─── Data extract ───

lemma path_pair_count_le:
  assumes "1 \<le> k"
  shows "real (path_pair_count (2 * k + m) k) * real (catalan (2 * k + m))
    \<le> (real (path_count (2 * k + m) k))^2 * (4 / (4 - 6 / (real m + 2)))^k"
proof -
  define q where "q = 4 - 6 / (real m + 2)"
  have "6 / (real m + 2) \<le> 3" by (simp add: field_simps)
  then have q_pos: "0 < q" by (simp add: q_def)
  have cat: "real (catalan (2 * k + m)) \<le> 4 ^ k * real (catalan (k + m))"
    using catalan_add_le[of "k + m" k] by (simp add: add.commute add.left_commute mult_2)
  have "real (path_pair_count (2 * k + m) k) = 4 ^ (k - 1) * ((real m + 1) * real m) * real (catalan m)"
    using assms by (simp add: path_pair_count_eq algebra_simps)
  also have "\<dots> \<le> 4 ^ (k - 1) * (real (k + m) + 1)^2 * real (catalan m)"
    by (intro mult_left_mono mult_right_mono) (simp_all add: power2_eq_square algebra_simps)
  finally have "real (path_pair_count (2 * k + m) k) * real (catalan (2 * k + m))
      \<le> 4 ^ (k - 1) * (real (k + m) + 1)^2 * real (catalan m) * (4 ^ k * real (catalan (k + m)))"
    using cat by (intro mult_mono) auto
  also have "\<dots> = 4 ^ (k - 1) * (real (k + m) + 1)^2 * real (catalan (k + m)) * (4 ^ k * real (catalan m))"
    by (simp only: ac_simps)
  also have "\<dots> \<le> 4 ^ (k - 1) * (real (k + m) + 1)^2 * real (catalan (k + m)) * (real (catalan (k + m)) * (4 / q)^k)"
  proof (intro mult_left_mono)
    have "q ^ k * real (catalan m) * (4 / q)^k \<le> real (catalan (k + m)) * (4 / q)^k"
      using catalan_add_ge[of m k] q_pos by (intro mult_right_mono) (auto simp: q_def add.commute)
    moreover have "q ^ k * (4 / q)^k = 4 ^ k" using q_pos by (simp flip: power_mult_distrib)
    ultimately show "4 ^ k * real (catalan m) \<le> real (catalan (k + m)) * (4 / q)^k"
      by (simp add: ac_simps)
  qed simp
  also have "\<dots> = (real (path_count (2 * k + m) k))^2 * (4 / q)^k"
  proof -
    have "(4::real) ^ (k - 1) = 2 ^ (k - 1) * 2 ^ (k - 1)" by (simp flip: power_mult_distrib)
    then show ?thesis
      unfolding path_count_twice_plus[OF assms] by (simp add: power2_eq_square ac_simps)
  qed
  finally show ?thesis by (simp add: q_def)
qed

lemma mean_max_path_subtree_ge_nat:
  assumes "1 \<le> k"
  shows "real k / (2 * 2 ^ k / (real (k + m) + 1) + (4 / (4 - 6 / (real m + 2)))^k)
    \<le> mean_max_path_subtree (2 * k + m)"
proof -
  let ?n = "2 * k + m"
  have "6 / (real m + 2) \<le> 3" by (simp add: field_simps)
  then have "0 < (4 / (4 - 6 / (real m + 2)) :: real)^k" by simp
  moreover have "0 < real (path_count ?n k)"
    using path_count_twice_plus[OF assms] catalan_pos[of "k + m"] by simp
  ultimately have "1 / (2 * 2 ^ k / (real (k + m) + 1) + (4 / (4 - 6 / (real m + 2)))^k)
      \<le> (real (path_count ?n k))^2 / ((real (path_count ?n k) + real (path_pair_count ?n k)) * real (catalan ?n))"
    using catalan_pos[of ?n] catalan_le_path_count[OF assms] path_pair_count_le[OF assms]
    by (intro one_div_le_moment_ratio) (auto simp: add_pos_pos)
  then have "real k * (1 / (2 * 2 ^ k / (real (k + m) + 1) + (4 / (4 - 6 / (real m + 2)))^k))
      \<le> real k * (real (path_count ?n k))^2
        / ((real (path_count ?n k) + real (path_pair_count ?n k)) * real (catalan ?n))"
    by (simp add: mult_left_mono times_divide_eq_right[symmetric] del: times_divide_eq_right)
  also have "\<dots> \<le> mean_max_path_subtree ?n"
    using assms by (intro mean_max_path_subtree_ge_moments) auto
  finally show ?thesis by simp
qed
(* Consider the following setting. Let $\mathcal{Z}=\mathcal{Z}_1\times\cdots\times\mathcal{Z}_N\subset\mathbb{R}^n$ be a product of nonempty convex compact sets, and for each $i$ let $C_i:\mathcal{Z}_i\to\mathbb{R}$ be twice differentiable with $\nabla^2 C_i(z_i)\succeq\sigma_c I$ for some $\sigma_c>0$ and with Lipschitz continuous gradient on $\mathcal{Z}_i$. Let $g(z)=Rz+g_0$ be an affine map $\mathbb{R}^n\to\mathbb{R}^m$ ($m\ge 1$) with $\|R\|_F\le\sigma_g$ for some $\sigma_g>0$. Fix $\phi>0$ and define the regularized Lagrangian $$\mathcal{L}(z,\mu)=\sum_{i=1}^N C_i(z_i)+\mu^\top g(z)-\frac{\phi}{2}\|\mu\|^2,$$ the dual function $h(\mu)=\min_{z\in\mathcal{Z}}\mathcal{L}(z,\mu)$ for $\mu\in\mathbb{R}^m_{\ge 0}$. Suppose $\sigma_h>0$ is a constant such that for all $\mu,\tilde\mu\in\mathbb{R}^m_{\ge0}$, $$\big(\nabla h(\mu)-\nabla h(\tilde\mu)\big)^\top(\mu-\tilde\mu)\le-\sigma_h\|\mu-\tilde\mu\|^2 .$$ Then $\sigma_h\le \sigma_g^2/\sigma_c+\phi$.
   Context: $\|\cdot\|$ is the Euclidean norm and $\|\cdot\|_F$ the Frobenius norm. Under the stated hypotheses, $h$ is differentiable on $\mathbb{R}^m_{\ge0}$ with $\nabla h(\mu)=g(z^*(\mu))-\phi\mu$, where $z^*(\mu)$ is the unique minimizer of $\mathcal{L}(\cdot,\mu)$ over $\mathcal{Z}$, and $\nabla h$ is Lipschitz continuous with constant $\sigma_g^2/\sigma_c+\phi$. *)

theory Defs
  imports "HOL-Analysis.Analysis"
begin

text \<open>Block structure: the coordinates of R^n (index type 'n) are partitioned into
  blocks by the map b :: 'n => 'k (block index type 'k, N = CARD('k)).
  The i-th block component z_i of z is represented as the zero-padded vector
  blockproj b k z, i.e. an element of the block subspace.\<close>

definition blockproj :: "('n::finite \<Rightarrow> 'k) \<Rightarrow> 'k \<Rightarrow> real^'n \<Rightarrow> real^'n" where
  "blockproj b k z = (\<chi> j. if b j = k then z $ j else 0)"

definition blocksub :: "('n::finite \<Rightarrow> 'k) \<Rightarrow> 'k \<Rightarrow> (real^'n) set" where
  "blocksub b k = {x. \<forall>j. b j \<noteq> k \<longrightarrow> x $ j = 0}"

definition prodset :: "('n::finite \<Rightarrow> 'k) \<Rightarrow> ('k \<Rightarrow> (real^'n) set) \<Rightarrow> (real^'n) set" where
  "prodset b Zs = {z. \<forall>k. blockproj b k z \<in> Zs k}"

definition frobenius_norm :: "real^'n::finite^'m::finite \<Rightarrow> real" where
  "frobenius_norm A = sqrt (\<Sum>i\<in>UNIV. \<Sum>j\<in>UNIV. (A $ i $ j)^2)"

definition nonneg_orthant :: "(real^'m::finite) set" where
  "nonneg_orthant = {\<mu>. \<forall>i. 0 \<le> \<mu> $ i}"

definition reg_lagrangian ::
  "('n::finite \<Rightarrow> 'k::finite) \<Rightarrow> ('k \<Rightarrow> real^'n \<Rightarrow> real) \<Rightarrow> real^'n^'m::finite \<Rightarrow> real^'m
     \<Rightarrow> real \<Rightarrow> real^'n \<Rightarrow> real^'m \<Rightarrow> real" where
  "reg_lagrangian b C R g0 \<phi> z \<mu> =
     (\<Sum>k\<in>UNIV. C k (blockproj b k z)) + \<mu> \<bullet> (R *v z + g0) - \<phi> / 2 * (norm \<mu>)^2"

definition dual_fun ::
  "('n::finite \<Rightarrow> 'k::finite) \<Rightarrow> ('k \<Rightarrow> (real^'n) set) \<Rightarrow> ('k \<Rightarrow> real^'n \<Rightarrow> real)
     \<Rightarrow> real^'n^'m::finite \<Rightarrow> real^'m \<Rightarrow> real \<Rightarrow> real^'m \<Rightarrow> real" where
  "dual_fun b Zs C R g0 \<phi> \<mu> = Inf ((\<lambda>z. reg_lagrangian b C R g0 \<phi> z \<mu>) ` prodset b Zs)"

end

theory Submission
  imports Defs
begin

───

*Activity:* Once you reach the line with "using path_count_twice_plus[OF assms]" in the data above, copy it and every line after it exactly, up to and including the line with "by (simp add: mult_left_mono".

*Reply:*
    using path_count_twice_plus[OF assms] catalan_pos[of "k + m"] by simp
  ultimately have "1 / (2 * 2 ^ k / (real (k + m) + 1) + (4 / (4 - 6 / (real m + 2)))^k)
      \<le> (real (path_count ?n k))^2 / ((real (path_count ?n k) + real (path_pair_count ?n k)) * real (catalan ?n))"
    using catalan_pos[of ?n] catalan_le_path_count[OF assms] path_pair_count_le[OF assms]
    by (intro one_div_le_moment_ratio) (auto simp: add_pos_pos)
  then have "real k * (1 / (2 * 2 ^ k / (real (k + m) + 1) + (4 / (4 - 6 / (real m + 2)))^k))
      \<le> real k * (real (path_count ?n k))^2
        / ((real (path_count ?n k) + real (path_pair_count ?n k)) * real (catalan ?n))"
    by (simp add: mult_left_mono times_divide_eq_right[symmetric] del: times_divide_eq_right)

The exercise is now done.